Cotygodniowy temat dla wszystkich chętnych do wspólnego dyskutowania, wyrażania opinii, przewidywań, zachwytów oraz hejtów na temat drugiego odcinka piątego sezonu TWD w jednym miejscu. Korzystanie z tematu dobrowolne.
Premiera USA: noc z niedzieli 19.10 na poniedziałek 20.10, 03:00 czasu polskiego. Podaję w celu uniknięcia przedpremierowego zamieszania pt. "Czy już można obejrzeć?!".
Allenowi w komiksie też odcięli od razu i nie przeżył.
To zresztą raczej kwestia zahamowania krwawienia, a dopiero w dalszym ciągu powstrzymania infekcji.
"oraz odstrzelenie Tyreese'a, który zdobył u mnie tytuł Najgłupszego Bohatera Serialowego Roku"
Albo najbardziej ludzkiego (człowieczego) po prostu.
Człowieczeństwo to jedno, bezmyślność to drugie. Patrząc na Tyreese'a, stawiałabym jednak na to drugie. Człowieczeństwo w jego wypadku opierało się na wybaczeniu Carol, na trosce, jaką otacza innych, ale wypuszczenie wolno człowieka, który bezpośrednio zagraża życiu nie tylko jemu, ale małemu dziecku (!) to najzwyczajniej w świecie głupota.
Bez względu na okoliczności nie potrafił zabić człowieka. Jaka to cecha, jeśli nie ludzka? Poza tym, być może myślał, że Martin nie żyje. Pod koniec walki wyraźnie traci przytomność. Bezmyślne było co najwyżej podbiegnięcie do okna, zostawiwszy dziecko w zasięgu rąk kanibala albo w ogóle skrępowanie mu rąk z przodu zamiast z tyłu.

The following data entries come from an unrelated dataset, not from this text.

lemma norm_diff_sq_le_sum_steps:
  fixes x s :: "nat \<Rightarrow> 'a::real_normed_vector"
  assumes x_next: "\<And>n. x (Suc n) = x n + s n" and "i \<le> k" "j \<le> k"
  shows "norm (x i - x j) ^ 2
    \<le> real k * (\<Sum>l<k. of_bool (min i j \<le> l \<and> l < max i j) * norm (s l) ^ 2)"
proof -
  define p q where "p = min i j" and "q = max i j"
  have "p \<le> q" "q \<le> k" using assms by (auto simp: p_def q_def)
  have "norm (x i - x j) = norm (x q - x p)"
    by (cases "i \<le> j") (auto simp: p_def q_def norm_minus_commute)
  also have "x q - x p = (\<Sum>l\<in>{p..<q}. s l)"
    using sum_Suc_diff'[OF \<open>p \<le> q\<close>, of x] by (simp add: x_next)
  finally have "norm (x i - x j) ^ 2 \<le> (\<Sum>l\<in>{p..<q}. norm (s l)) ^ 2"
    by (simp add: norm_sum power_mono)
  also have "\<dots> \<le> (\<Sum>l\<in>{p..<q}. norm (s l) ^ 2) * real (q - p)"
    using sum_squared_le_sum_of_squares[of "\<lambda>l. norm (s l)" "{p..<q}"] by simp
  also have "\<dots> \<le> (\<Sum>l\<in>{p..<q}. norm (s l) ^ 2) * real k"
    using \<open>q \<le> k\<close> by (intro mult_left_mono sum_nonneg) auto
  also have "{p..<q} = {..<k} \<inter> {l. p \<le> l \<and> l < q}"
    using \<open>q \<le> k\<close> by auto
  finally show ?thesis
    by (simp add: p_def q_def mult.commute)
qed

lemma weighted_pairwise_dist_sq_le:
  fixes x s :: "nat \<Rightarrow> 'a::real_normed_vector"
  assumes x_next: "\<And>n. x (Suc n) = x n + s n" and nonneg: "\<And>i. i \<le> k \<Longrightarrow> 0 \<le> a i"
  shows "(\<Sum>i\<le>k. \<Sum>j\<le>k. a i * a j * norm (x i - x j) ^ 2)
    \<le> real k * (\<Sum>i\<le>k. a i) ^ 2 / 2 * Ssum s k"
proof -
  define crosses :: "nat \<Rightarrow> nat \<Rightarrow> nat \<Rightarrow> real"
    where "crosses i j l = of_bool (min i j \<le> l \<and> l < max i j)" for i j l
  have "(\<Sum>i\<le>k. \<Sum>j\<le>k. a i * a j * norm (x i - x j) ^ 2)
      \<le> (\<Sum>i\<le>k. \<Sum>j\<le>k. a i * a j * (real k * (\<Sum>l<k. crosses i j l * norm (s l) ^ 2)))"
    using nonneg norm_diff_sq_le_sum_steps[where x = x and s = s, OF x_next] unfolding crosses_def
    by (intro sum_mono mult_left_mono) auto
  also have "\<dots> = real k * (\<Sum>l<k. norm (s l) ^ 2 * (\<Sum>i\<le>k. \<Sum>j\<le>k. a i * a j * crosses i j l))"
    by (simp add: sum_distrib_left mult_ac sum.swap[where A = "{..<k}"])
  also have "\<dots> \<le> real k * (\<Sum>l<k. norm (s l) ^ 2 * ((\<Sum>i\<le>k. a i) ^ 2 / 2))"
    unfolding crosses_def by (intro mult_left_mono sum_mono sum_pairs_straddling_le) auto
  also have "(\<Sum>l<k. norm (s l) ^ 2 * ((\<Sum>i\<le>k. a i) ^ 2 / 2))
      = (\<Sum>i\<le>k. a i) ^ 2 / 2 * Ssum s k"
    by (simp add: Ssum_def sum_distrib_left mult.commute)
  finally show ?thesis
    by (simp add: mult_ac)
qed

definition xbar_weight :: "nat \<Rightarrow> nat \<Rightarrow> real" where
  "xbar_weight k i = (if i < k then real (2 * i + 1) else real k)"

lemma sum_xbar_weight: "(\<Sum>i\<le>k. xbar_weight k i) = real k * real (k + 1)"
proof -
  have "(\<Sum>i<k. real (2 * i + 1)) = real k ^ 2"
    by (induction k) (auto simp: power2_eq_square algebra_simps)
  then show ?thesis
    by (simp add: xbar_weight_def lessThan_Suc_atMost[symmetric] power2_eq_square algebra_simps)
qed

lemma xbar_eq_weighted_sum:
  "xbar y k = (1 / (real k * real (k + 1))) *\<^sub>R (\<Sum>i\<le>k. xbar_weight k i *\<^sub>R y i)"
  by (simp add: xbar_def xbar_weight_def lessThan_Suc_atMost[symmetric])

lemma gbar_eq_xbar: "gbar g x k = xbar (\<lambda>i. g (x i)) k"
  by (simp add: gbar_def xbar_def)

theorem lemma4p2:
  fixes f :: "'a::euclidean_space \<Rightarrow> real"
    and g :: "'a \<Rightarrow> 'a"
    and H :: "'a \<Rightarrow> 'a \<Rightarrow>\<^sub>L 'a"
    and M \<sigma> \<delta> \<theta> :: real
    and x s :: "nat \<Rightarrow> 'a"
    and B :: "nat \<Rightarrow> 'a \<Rightarrow> 'a"
  assumes grad: "\<And>y. (f has_derivative (\<lambda>h. g y \<bullet> h)) (at y)"
    and hess: "\<And>y. (g has_derivative blinfun_apply (H y)) (at y)"
    and M_pos: "M > 0"
    and lip: "\<And>y z. norm (H y - H z) \<le> M * norm (y - z)"
    and sigma_pos: "\<sigma> > 0" and delta_pos: "\<delta> > 0"
    and theta: "0 < \<theta>" "\<theta> < 1"
    and B0_lin: "linear (B 0)"
    and B0_sym: "\<And>u v. B 0 u \<bullet> v = u \<bullet> B 0 v"
    and step: "\<And>k. \<exists>G. (inner_model g x (B k) \<sigma> k has_derivative (\<lambda>h. G \<bullet> h)) (at (s k))
                       \<and> norm G \<le> \<delta> * norm (s k)"
    and x_next: "\<And>k. x (Suc k) = x k + s k"
    and B_next: "\<And>k. B (Suc k) = B_update \<theta> (B k) (s k) (g (x (Suc k)) - g (x k) - B k (s k))"
    and k_pos: "k \<ge> 1"
  shows "norm (g (xbar x k)) \<le> norm (gbar g x k) + M / 8 * real k * Ssum s k"
proof -
  define W where "W = real k * real (k + 1)"
  have W: "(\<Sum>i\<le>k. xbar_weight k i) = W" "0 < W"
    using k_pos by (auto simp: W_def sum_xbar_weight)
  have nonneg: "0 \<le> xbar_weight k i" for i
    by (simp add: xbar_weight_def)
  have "norm (g (xbar x k) - gbar g x k)
      \<le> M / (4 * W\<^sup>2) * (\<Sum>i\<le>k. \<Sum>j\<le>k. xbar_weight k i * xbar_weight k j * norm (x i - x j) ^ 2)"
    using norm_image_weighted_mean_diff_le[OF hess lip nonneg W]
    by (simp add: gbar_eq_xbar xbar_eq_weighted_sum W_def)
  also have "\<dots> \<le> M / (4 * W\<^sup>2) * (real k * W\<^sup>2 / 2 * Ssum s k)"
    using weighted_pairwise_dist_sq_le[where x = x and s = s and a = "xbar_weight k" and k = k,
        OF x_next nonneg] M_pos
    by (intro mult_left_mono) (simp_all add: W(1))
  also have "\<dots> = M / 8 * real k * Ssum s k"
    using W(2) by (simp add: field_simps)
  finally show ?thesis
    using norm_triangle_ineq2[of "g (xbar x k)" "gbar g x k"] by linarith
qed

end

I znów odcinek wporzo! Bałam się, że cały będzie pitu pitu, a tu taki suprajs. NIESTETY trochę przewidywalny. Tylko czekałam, aż nagle jakiś zombiak wynurzy się z wody. I wynurzył. Daję sobie rękę uciąć (hehe), że Bob (hehe) został dziabnięty przez wodozombie, a utwierdziłam się w tymże, kiedy to poprosił o jeszcze jednego całusa od lubej. Scena na skraju lasu = "mój ulubiony motyw z komiksu", w związku z czym cieszyłam się jak dziecko i tylko czekam, aż Bob powie tym padalcom, że jest dziabnięty i żrą zarażone mięcho. Pytanie czy rozegrają to tak jak w komiksie czy zobaczymy efekty zeżarcia zainfekowanego mięcha... A Rick mówił - wybijmy resztę, to nie. Miszon chciała zemścić się na Gubciu, Gubcio na Rickach, ale Terminusy nie zemszczą się za rozwalenie ich oazy spokoju, skądże...

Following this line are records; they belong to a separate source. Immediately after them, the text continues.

lemma orthogonal_extension:
  assumes c: "c \<in> normalizer" and j: "j \<in> normalizer" and g: "ninv c * j \<in> B"
  defines "p \<equiv> 1 - ninv c * c"
  shows "(ninv c * c) * (ninv (j * p) * (j * p)) = 0"
    and "(c * ninv c) * ((j * p) * ninv (j * p)) = 0"
proof -
  have pB: "p \<in> B" unfolding p_def using compl_mem dom_mem c by blast
  have dc_p: "(ninv c * c) * p = 0" unfolding p_def using idem[OF dom_mem[OF c]]
    by (simp add: algebra_simps)
  from dom_mult_idem_mem[OF j pB] show "(ninv c * c) * (ninv (j * p) * (j * p)) = 0"
    using mult_left_commute[OF dom_mem[OF c] dom_mem[OF j]] dc_p by (simp add: mult.assoc)
  \<comment> \<open>the idempotent c^-1 j equals its own inverse j^-1 c, so it is killed by p\<close>
  have "ninv c * j = ninv j * c"
    using ninv_idem[OF g] N.inv_mult[OF N.inv_mem[OF c] j] N.inv_inv[OF c] by simp
  also have "\<dots> = ninv j * c * (ninv c * c)" using N.mult_inv_mult[OF c]
    by (simp add: mult.assoc)
  finally have "(ninv c * j) * p = 0"
    unfolding p_def using N.mult_inv_mult_assoc[OF c] by (simp add: algebra_simps)
  from ninv_mult_idem_mem[OF j pB]
  have "(c * ninv c) * ((j * p) * ninv (j * p)) = c * ((ninv c * j) * p) * (p * ninv j)"
    by (simp add: mult.assoc)
  with \<open>(ninv c * j) * p = 0\<close> show "(c * ninv c) * ((j * p) * ninv (j * p)) = 0" by simp
qed

text \<open>The annihilator conditions say that j^-1 j and j j^-1 are the joins in B of the domains and
  ranges of the members of A.\<close>

definition tight_bound :: "'a set \<Rightarrow> 'a \<Rightarrow> bool" where
  "tight_bound A j \<longleftrightarrow> j \<in> normalizer \<and> A \<subseteq> normalizer \<and> (\<forall>a\<in>A. nat_le normalizer a j) \<and>
     (\<forall>x. (\<forall>a\<in>A. x * (ninv a * a) = 0) \<longrightarrow> x * (ninv j * j) = 0) \<and>
     (\<forall>x. (\<forall>a\<in>A. (a * ninv a) * x = 0) \<longrightarrow> (j * ninv j) * x = 0)"

lemma tight_bound_empty: "tight_bound {} 0"
  unfolding tight_bound_def using subset_normalizer zero_mem by auto

context
  fixes A :: "'a set" and j :: 'a
  assumes bound: "tight_bound A j"
begin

Pączuś wciąż tragizm. To, że nie dobił gościa w chatce - tragizm. Ten jego uśmiech był na poziomie najwyższej żenady. Czekam aż ubierze kostium baletnicy i skończy jak główna bohaterka filmu z łabędziem w tytule.
Daryl, który ruszył w pościg za Bethowozem na plus, oznacza to wprowadzenie nowego wątku = ciekawiej.

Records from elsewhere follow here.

lemma edge_subset_V: "e \<in> Es \<Longrightarrow> e \<subseteq> V"
  unfolding edges_def using adj_in_V by auto

lemma finite_later_nbrs: "finite (N u)"
  unfolding later_nbrs_def using finite_V by simp

lemma later_nbr_neq [simp]: "v \<in> N u \<Longrightarrow> v \<noteq> u"
  unfolding later_nbrs_def by auto

lemma later_nbr_not_self [simp]: "u \<notin> N u"
  unfolding later_nbrs_def by simp

lemma edges_containing_both:
  assumes "u \<noteq> w"
  shows "{e \<in> Es. u \<in> e \<and> w \<in> e} = (if E u w then {{u, w}} else {})"
proof -
  have "e = {u, w} \<and> E u w" if "e \<in> Es" "u \<in> e" "w \<in> e" for e
  proof -
    obtain a b where "e = {a, b}" "E a b" using \<open>e \<in> Es\<close> unfolding edges_def by blast
    then show ?thesis using that assms adj_sym by auto
  qed
  moreover have "E u w \<Longrightarrow> {u, w} \<in> Es" unfolding edges_def using adj_in_V by blast
  ultimately show ?thesis by auto
qed

lemma sum_edges_at_later_nbrs:
  "(\<Sum>e | e \<in> Es \<and> u \<in> e. \<Sum>v\<in>e \<inter> N u. f v) = (\<Sum>v\<in>N u. f v :: real)"
proof -
  have "(\<Sum>e | e \<in> Es \<and> u \<in> e. \<Sum>v\<in>e \<inter> N u. f v)
      = (\<Sum>e | e \<in> Es \<and> u \<in> e. \<Sum>v | v \<in> N u \<and> v \<in> e. f v)"
    by (intro sum.cong) auto
  also have "\<dots> = (\<Sum>v\<in>N u. \<Sum>e | e \<in> {e \<in> Es. u \<in> e} \<and> v \<in> e. f v)"
    by (rule sum.swap_restrict) (auto simp: finite_edges finite_later_nbrs)
  also have "\<dots> = (\<Sum>v\<in>N u. f v)"
  proof (intro sum.cong refl)
    fix v assume "v \<in> N u"
    then have "E u v" "u \<noteq> v" by (auto simp: later_nbrs_def)
    then have "{e. e \<in> {e \<in> Es. u \<in> e} \<and> v \<in> e} = {{u, v}}"
      using edges_containing_both[of u v] by auto
    then show "(\<Sum>e | e \<in> {e \<in> Es. u \<in> e} \<and> v \<in> e. f v) = f v" by simp
  qed
  finally show ?thesis .
qed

Drobiazg na koniec: Bardzo, ale to bardzo irytuje mnie odcień włosów Abrahama. Jest dla mnie tak nienaturalny, że zamiast skupiać się na tym co gada, myślę ciągle o tym jak bardzo skrzywdzili moją ulubioną komiksową postać.
Ja wohl, chodzi mi o to, że ta rudość wygląda strasznie sztucznie, widać, że farbowane na potrzeby postaci. Może gdyby tego wąsa miał też w takim odcieniu to byłoby bardziej naturalnie.
W pokolorowanych zeszytach TWD jego włosy nie wyglądały wcale lepiej.
http://img2.wikia.nocookie.net/__cb20120229180249/walkingdead/images/4/42/689330 -walking_dead_001.jpg
Poza tym:
"A Rick mówił - wybijmy resztę, to nie. Miszon chciała zemścić się na Gubciu, Gubcio na Rickach, ale Terminusy nie zemszczą się za rozwalenie ich oazy spokoju, skądże..."
Spotkanie się z hordą (sporo osób o niej całkowicie zapomina, również w aspekcie odbicia Ricka i spółki z Terminusa) nie byłoby zbyt rozsądne. Czytałaś komiks, więc pewnie wiesz, co się stało, gdy horda trafiła na Aleksandrię.
Wiem, wiem, ale przynajmniej bródkę miał w tym samym odcieniu ;). Dla mnie w serialu wygląda to bardzo nienaturalnie.
Przyznam, że tak bardzo skupiłam się na Terminusach, że zapomniałam o hordzie (drobiazg).
Nie ty jedna. :P Często pisze się tutaj, jakim terminatorem jest Carol, nie uwzględniając tego, że 3/4 roboty odwaliła za nią horda.
Faktycznie można było lepiej rozwiązać sprawę tego zarostu, ale mi to nie przeszkadza. Prawdę mówiąc, nie zwróciłem na to nawet uwagi. Najważniejsze jest dla mnie, że Michael Cudlitz jest do komiksowego Abrahama fizycznie podobny - a już na pewno bardziej niż Seth Gilliam do Gabriela.
Odcinek może być. Carl jak zwykle w formie, nie omieszkał zasypać nas swoimi mądrościami. No i do tego znalazł jakieś znaki (wow!) , pewnie jest z siebie cholernie dumny.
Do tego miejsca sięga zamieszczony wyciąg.